The screen, acoustic wall panels, and black velvet drapes were made by us. We did use other subs (painters, trim people, etc.) along the way, but we were there from sunup to sundown 7 days a week for 10 months.

It was a lot of fun and we are still tweaking the whole thing!

Equipment:
Panasonic PTAX-100U 
NAD T163 Pre/Pro
B&K separates (ST1400 Series II, Stereo and Mono, 125.2 Series II)
Sony BDP-S301 & Panasonic DMP-BD60
Samsung HD841 SACD / DVD Audio / DVD Player
Dynaco Pas 3 Series II Tube Pre-Amp
Sound Valves Mosfet 32 Power Amp
Denon Turntable (DP-500M) Shure M97xE Cartridge
Parasound Z Phono Pre-Amp
Denon AM/FM Tuner
JVC S-VHS Player
Speakers - VMPS RM2 Jr's - L&R, VMPS Mini-Tower IIA's - Centers, Madisound Subs (2), 
Dynaco A25 - Side L&R, H.H. Scott - Rear L&R


----------



## Moonfly

Shweeeeeet setup :T

Oh, and can I have some money , seriously though . . . . . 

I have to say, if you were local to me, I would actually pay you to come and see latest releases there rather than endure the local cinema. That certainly is a fantastic looking room you should be very proud of.

Well done :hail:


----------



## chadnliz

Beautiful looking room you have there!


----------



## dpromano76

:clap: very well done! ....this is why I need a house!


----------



## Prof.

VERY nice!!!..beautifully done and a nice size room..:clap: :T
The exit signs is a nice touch!..
What size and type of screen did you build?


----------



## Oleson M.D.

Thanks for the compliments. As we were building this, I had visions of doing custom screen installations in high end theaters. This was at the peak of the real estate boom as well. They are a little hard to see, but the left and right entrance doors are upholstered and tufted with buttons. This was suggested by my door sales rep. I never would have thought of that on my own!
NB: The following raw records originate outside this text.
lemma norm_add_sq_le:
  fixes a b :: "'a::real_normed_vector"
  shows "(norm (a + b))\<^sup>2 \<le> 2 * (norm a)\<^sup>2 + 2 * (norm b)\<^sup>2"
proof -
  have "(norm (a + b))\<^sup>2 \<le> (norm a + norm b)\<^sup>2"
    by (simp add: norm_triangle_ineq power_mono)
  also have "\<dots> \<le> 2 * (norm a)\<^sup>2 + 2 * (norm b)\<^sup>2"
    using sum_squares_bound[of "norm a" "norm b"] by (simp add: power2_sum)
  finally show ?thesis .
qed

lemma norm_diff_sq_le:
  fixes a b :: "'a::real_normed_vector"
  shows "(norm (a - b))\<^sup>2 \<le> 2 * (norm a)\<^sup>2 + 2 * (norm b)\<^sup>2"
  using norm_add_sq_le[of a "- b"] by simp

lemma sum_atMost_Suc_binomial:
  fixes g :: "nat \<Rightarrow> 'a::comm_semiring_1"
  shows "(\<Sum>q\<le>Suc k. of_nat (Suc k choose q) * g q)
       = (\<Sum>q\<le>k. of_nat (k choose q) * g q) + (\<Sum>q\<le>k. of_nat (k choose q) * g (Suc q))"
proof -
  have "(\<Sum>q\<le>Suc k. of_nat (Suc k choose q) * g q)
      = g 0 + (\<Sum>q\<le>k. of_nat (k choose Suc q) * g (Suc q)) + (\<Sum>q\<le>k. of_nat (k choose q) * g (Suc q))"
    by (subst sum.atMost_Suc_shift) (simp add: sum.distrib distrib_right add_ac)
  also have "g 0 + (\<Sum>q\<le>k. of_nat (k choose Suc q) * g (Suc q)) = (\<Sum>q\<le>Suc k. of_nat (k choose q) * g q)"
    by (subst sum.atMost_Suc_shift) simp
  also have "\<dots> = (\<Sum>q\<le>k. of_nat (k choose q) * g q)"
    by (simp add: binomial_eq_0)
  finally show ?thesis .
qed

lemma sum_atMost_double_split:
  fixes h :: "nat \<Rightarrow> 'a::comm_monoid_add"
  shows "(\<Sum>q\<le>2*m. h q) = (\<Sum>q<m. h q) + h m + (\<Sum>q<m. h (2*m - q))"
proof -
  have U: "{..2*m} = {..<m} \<union> ({m} \<union> {m<..2*m})"
    by auto
  have "(\<Sum>q\<le>2*m. h q) = (\<Sum>q<m. h q) + (h m + (\<Sum>q\<in>{m<..2*m}. h q))"
    unfolding U by (subst sum.union_disjoint) (auto simp: sum.union_disjoint)
  also have "(\<Sum>q\<in>{m<..2*m}. h q) = (\<Sum>q<m. h (2*m - q))"
    by (rule sum.reindex_bij_witness[where i="\<lambda>q. 2*m - q" and j="\<lambda>q. 2*m - q"]) auto
  finally show ?thesis
    by (simp add: add.assoc)
qed

lemma tendsto_power_ratio_at_top:
  assumes "k \<le> m" "l \<le> m"
  shows "((\<lambda>t::real. complex_of_real (t ^ (k + l) / t ^ (2 * m))) \<longlongrightarrow> (if k = m \<and> l = m then 1 else 0)) at_top"
proof (cases "k = m \<and> l = m")
  case True
  have "\<forall>\<^sub>F t in at_top. complex_of_real (t ^ (k + l) / t ^ (2 * m)) = 1"
    using eventually_gt_at_top[of "0::real"] by eventually_elim (use True in \<open>simp add: mult_2\<close>)
  then show ?thesis
    using True by (simp add: tendsto_eventually)
next
  case False
  define p where "p = 2 * m - (k + l)"
  have p: "0 < p" "2 * m = (k + l) + p"
    using assms False by (auto simp: p_def)
  have ratio: "inverse t ^ p = t ^ (k + l) / t ^ (2 * m)" if "t > 0" for t :: real
    using that by (simp add: p(2) power_add power_inverse inverse_eq_divide power_one_over)
  have "((\<lambda>t::real. inverse t ^ p) \<longlongrightarrow> 0) at_top"
    using tendsto_power[OF tendsto_inverse_0_at_top[OF filterlim_ident], of p] p(1)
    by (simp only: zero_power)
  moreover have "\<forall>\<^sub>F t in at_top. inverse (t::real) ^ p = t ^ (k + l) / t ^ (2 * m)"
    using eventually_gt_at_top[of "0::real"] by eventually_elim (rule ratio)
  ultimately have "((\<lambda>t::real. t ^ (k + l) / t ^ (2 * m)) \<longlongrightarrow> 0) at_top"
    by (rule Lim_transform_eventually)
  from tendsto_of_real[OF this] show ?thesis
    unfolding of_real_0 if_not_P[OF False] .
qed

section \<open>Square-summable functions on the lattice\<close>

lemma in_l2_add: "in_l2 f \<Longrightarrow> in_l2 g \<Longrightarrow> in_l2 (\<lambda>n. f n + g n)"
  unfolding in_l2_def
  by (rule summable_on_comparison_test[where f="\<lambda>n. 2 * (cmod (f n))\<^sup>2 + 2 * (cmod (g n))\<^sup>2"])
     (auto intro!: summable_on_add summable_on_cmult_right norm_add_sq_le)

lemma in_l2_diff: "in_l2 f \<Longrightarrow> in_l2 g \<Longrightarrow> in_l2 (\<lambda>n. f n - g n)"
  unfolding in_l2_def
  by (rule summable_on_comparison_test[where f="\<lambda>n. 2 * (cmod (f n))\<^sup>2 + 2 * (cmod (g n))\<^sup>2"])
     (auto intro!: summable_on_add summable_on_cmult_right norm_diff_sq_le)

lemma in_l2_cmult: "in_l2 f \<Longrightarrow> in_l2 (\<lambda>n. c * f n)"
  unfolding in_l2_def
  by (drule summable_on_cmult_right[where c="(cmod c)\<^sup>2"]) (simp add: norm_mult power_mult_distrib)

lemma in_l2_sum: "finite K \<Longrightarrow> (\<And>k. k \<in> K \<Longrightarrow> in_l2 (F k)) \<Longrightarrow> in_l2 (\<lambda>n. \<Sum>k\<in>K. F k n)"
proof (induction K rule: finite_induct)
  case empty
  then show ?case
    by (simp add: in_l2_def)
next
  case (insert k K)
  then show ?case
    by (simp add: in_l2_add)
qed

lemma in_l2_shift: "in_l2 f \<Longrightarrow> in_l2 (\<lambda>n. f (n + v))"
  unfolding in_l2_def using summable_on_shift[of "\<lambda>n. (cmod (f n))\<^sup>2" v] by simp

lemma in_l2_shift_diff: "in_l2 f \<Longrightarrow> in_l2 (\<lambda>n. f (n - v))"
  using in_l2_shift[of f "- v"] by simp

lemma l2norm_sq_nonneg: "0 \<le> l2norm_sq f"
  unfolding l2norm_sq_def by (simp add: infsum_nonneg)

lemma norm_sq_le_l2norm_sq: "in_l2 f \<Longrightarrow> (cmod (f n))\<^sup>2 \<le> l2norm_sq f"
  unfolding in_l2_def l2norm_sq_def
  using finite_sum_le_infsum[of "\<lambda>n. (cmod (f n))\<^sup>2" UNIV "{n}"] by simp

lemma norm_le_sqrt_l2norm_sq: "in_l2 f \<Longrightarrow> cmod (f n) \<le> sqrt (l2norm_sq f)"
  using norm_sq_le_l2norm_sq real_le_rsqrt by blast

lemma l2norm_sq_pos:
  assumes "in_l2 f" "f \<noteq> (\<lambda>_. 0)"
  shows "0 < l2norm_sq f"
proof -
  obtain n where "f n \<noteq> 0"
    using assms(2) by auto
  then have "0 < (cmod (f n))\<^sup>2"
    by simp
  also have "\<dots> \<le> l2norm_sq f"
    by (rule norm_sq_le_l2norm_sq[OF assms(1)])
  finally show ?thesis .
qed

lemma l2norm_sq_shift: "l2norm_sq (\<lambda>n. f (n + v)) = l2norm_sq f"
  unfolding l2norm_sq_def using infsum_shift[of "\<lambda>n. (cmod (f n))\<^sup>2" v] by simp

lemma l2norm_sq_sum_le:
  assumes "finite I" "\<And>i. i \<in> I \<Longrightarrow> in_l2 (f i)"
  shows "l2norm_sq (\<lambda>n. \<Sum>i\<in>I. f i n) \<le> real (card I) * (\<Sum>i\<in>I. l2norm_sq (f i))"
proof -
  have summable: "(\<lambda>n. (cmod (f i n))\<^sup>2) summable_on UNIV" if "i \<in> I" for i
    using assms(2)[OF that] unfolding in_l2_def .
  have "(cmod (\<Sum>i\<in>I. f i n))\<^sup>2 \<le> real (card I) * (\<Sum>i\<in>I. (cmod (f i n))\<^sup>2)" for n
  proof -
    have "(cmod (\<Sum>i\<in>I. f i n))\<^sup>2 \<le> (\<Sum>i\<in>I. cmod (f i n))\<^sup>2"
      by (simp add: norm_sum power_mono)
    also have "\<dots> \<le> (\<Sum>i\<in>I. (cmod (f i n))\<^sup>2) * real (card I)"
      by (rule sum_squared_le_sum_of_squares)
    finally show ?thesis
      by (simp add: mult.commute)
  qed
  then have "l2norm_sq (\<lambda>n. \<Sum>i\<in>I. f i n) \<le> (\<Sum>\<^sub>\<infinity>n. real (card I) * (\<Sum>i\<in>I. (cmod (f i n))\<^sup>2))"
    unfolding l2norm_sq_def
    using in_l2_sum[OF assms] summable assms(1) unfolding in_l2_def
    by (intro infsum_mono summable_on_cmult_right summable_on_finite_sum) auto
  also have "\<dots> = real (card I) * (\<Sum>i\<in>I. l2norm_sq (f i))"
    unfolding l2norm_sq_def by (simp add: infsum_cmult_right' infsum_finite_sum assms(1) summable)
  finally show ?thesis .
qed

lemma l2norm_sq_add_le:
  assumes f: "in_l2 f" and g: "in_l2 g"
  shows "l2norm_sq (\<lambda>n. f n + g n) \<le> 2 * l2norm_sq f + 2 * l2norm_sq g"
proof -
  have sf: "(\<lambda>n. 2 * (cmod (f n))\<^sup>2) summable_on UNIV"
    using f unfolding in_l2_def by (rule summable_on_cmult_right)
  have sg: "(\<lambda>n. 2 * (cmod (g n))\<^sup>2) summable_on UNIV"
    using g unfolding in_l2_def by (rule summable_on_cmult_right)
  have "l2norm_sq (\<lambda>n. f n + g n) \<le> (\<Sum>\<^sub>\<infinity>n. 2 * (cmod (f n))\<^sup>2 + 2 * (cmod (g n))\<^sup>2)"
    unfolding l2norm_sq_def using in_l2_add[OF f g] summable_on_add[OF sf sg] unfolding in_l2_def
    by (rule infsum_mono) (rule norm_add_sq_le)
  also have "\<dots> = 2 * l2norm_sq f + 2 * l2norm_sq g"
    using sf sg unfolding l2norm_sq_def by (simp add: infsum_add infsum_cmult_right')
  finally show ?thesis .
qed

lemma l2inner_summable:
  assumes "in_l2 f" "in_l2 g"
  shows "(\<lambda>n. cnj (f n) * g n) summable_on UNIV"
proof -
  have sq: "x * y \<le> x\<^sup>2 + y\<^sup>2" if "0 \<le> x" "0 \<le> y" for x y :: real
    using sum_squares_bound[of x y] mult_nonneg_nonneg[OF that] by linarith
  show ?thesis
    using assms unfolding in_l2_def summable_on_iff_abs_summable_on_complex
    by (rule summable_on_comparison_test[where f="\<lambda>n. (cmod (f n))\<^sup>2 + (cmod (g n))\<^sup>2",
          OF summable_on_add]) (auto intro!: sq simp: norm_mult)
qed

lemma l2inner_add_right: "in_l2 f \<Longrightarrow> in_l2 g \<Longrightarrow> in_l2 h \<Longrightarrow>
  l2inner f (\<lambda>n. g n + h n) = l2inner f g + l2inner f h"
  unfolding l2inner_def by (simp add: distrib_left infsum_add l2inner_summable)

lemma l2inner_cmult_right: "l2inner f (\<lambda>n. c * g n) = c * l2inner f g"
  unfolding l2inner_def by (simp add: infsum_cmult_right' mult.left_commute)

lemma l2inner_diff_right: "in_l2 f \<Longrightarrow> in_l2 g \<Longrightarrow> in_l2 h \<Longrightarrow>
  l2inner f (\<lambda>n. g n - h n) = l2inner f g - l2inner f h"
proof -
  assume "in_l2 f" "in_l2 g" "in_l2 h"
  then have "l2inner f (\<lambda>n. g n + (- 1) * h n) = l2inner f g + l2inner f (\<lambda>n. (- 1) * h n)"
    by (intro l2inner_add_right in_l2_cmult)
  then show ?thesis
    using l2inner_cmult_right[of f "- 1" h] by simp
qed

lemma l2inner_sum_right: "finite K \<Longrightarrow> in_l2 f \<Longrightarrow> (\<And>k. k \<in> K \<Longrightarrow> in_l2 (G k)) \<Longrightarrow>
  l2inner f (\<lambda>n. \<Sum>k\<in>K. G k n) = (\<Sum>k\<in>K. l2inner f (G k))"
proof (induction K rule: finite_induct)
  case empty
  then show ?case
    by (simp add: l2inner_def)
next
  case (insert k K)
  then show ?case
    by (simp add: l2inner_add_right in_l2_sum)
qed

lemma cnj_l2inner: "cnj (l2inner f g) = l2inner g f"
  unfolding l2inner_def by (subst infsum_cnj[symmetric]) (simp add: mult.commute)

lemma l2inner_self: "in_l2 f \<Longrightarrow> l2inner f f = complex_of_real (l2norm_sq f)"
proof -
  assume "in_l2 f"
  then have "((\<lambda>n. complex_of_real ((cmod (f n))\<^sup>2)) has_sum complex_of_real (l2norm_sq f)) UNIV"
    unfolding in_l2_def l2norm_sq_def by (intro has_sum_of_real) simp
  moreover have "complex_of_real ((cmod (f n))\<^sup>2) = cnj (f n) * f n" for n
    using complex_norm_square[of "f n"] by (simp add: mult.commute)
  ultimately show ?thesis
    unfolding l2inner_def by (simp add: infsumI)
qed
The screen size is 155". It's a formula of Behr Silver Screen and White Opal Pearlescent. The ratio is 3 to 2.
There is a very detailed post on this in the DIY screen section. The screen is very good, and VERY neutral. The best part is it's easy to mix the paint.

The Panasonic PTAX-100U throws plenty of light. The only issue I'm trying to correct is a bit of crushed white syndrome. As soon as my calibration disc shows up we'll tackle that issue!


----------



## Gulldor

Very nice build. I love your use of moldings. I may do something similar after seeing how well yours turned out.


----------



## Oleson M.D.

This was an easy project as we were building a new house and as such started with a clean slate. My trim carpenter did a great job on the chair rail and columns.

Other than the audio gear, the most expensive part of this whole project was the carpet (Ouch!), followed next by the seating.

Thanks for the kind comments!


----------



## recruit

WOW! That looks amazing TXFlyGuy :T


----------



## StuBerger

Simply put....beautiful job!


----------



## thagerty

Nice....


----------



## bambino

AWESOME! :sn:


----------



## michaelcarey

Those seats look extra comfy. Seating is one thing that many (including me) overlook... I always funnel funding into equipment rather than seating or new carpet... one day, maybe...

Michael.


----------



## asazad

Have to say most impressive theater I've seen on any forum.:unbelievable: I recently posted pictures of my theater and while I'm proud of it, your effort here totally humbles me. Enjoy it!


----------



## martinez331

Gorgeous room! Very very nice!!!! I wish I had a spare room to setup like that!


----------



## XxxBERRYxxX

Very nice indeed...I would spend a lot of time in there!


----------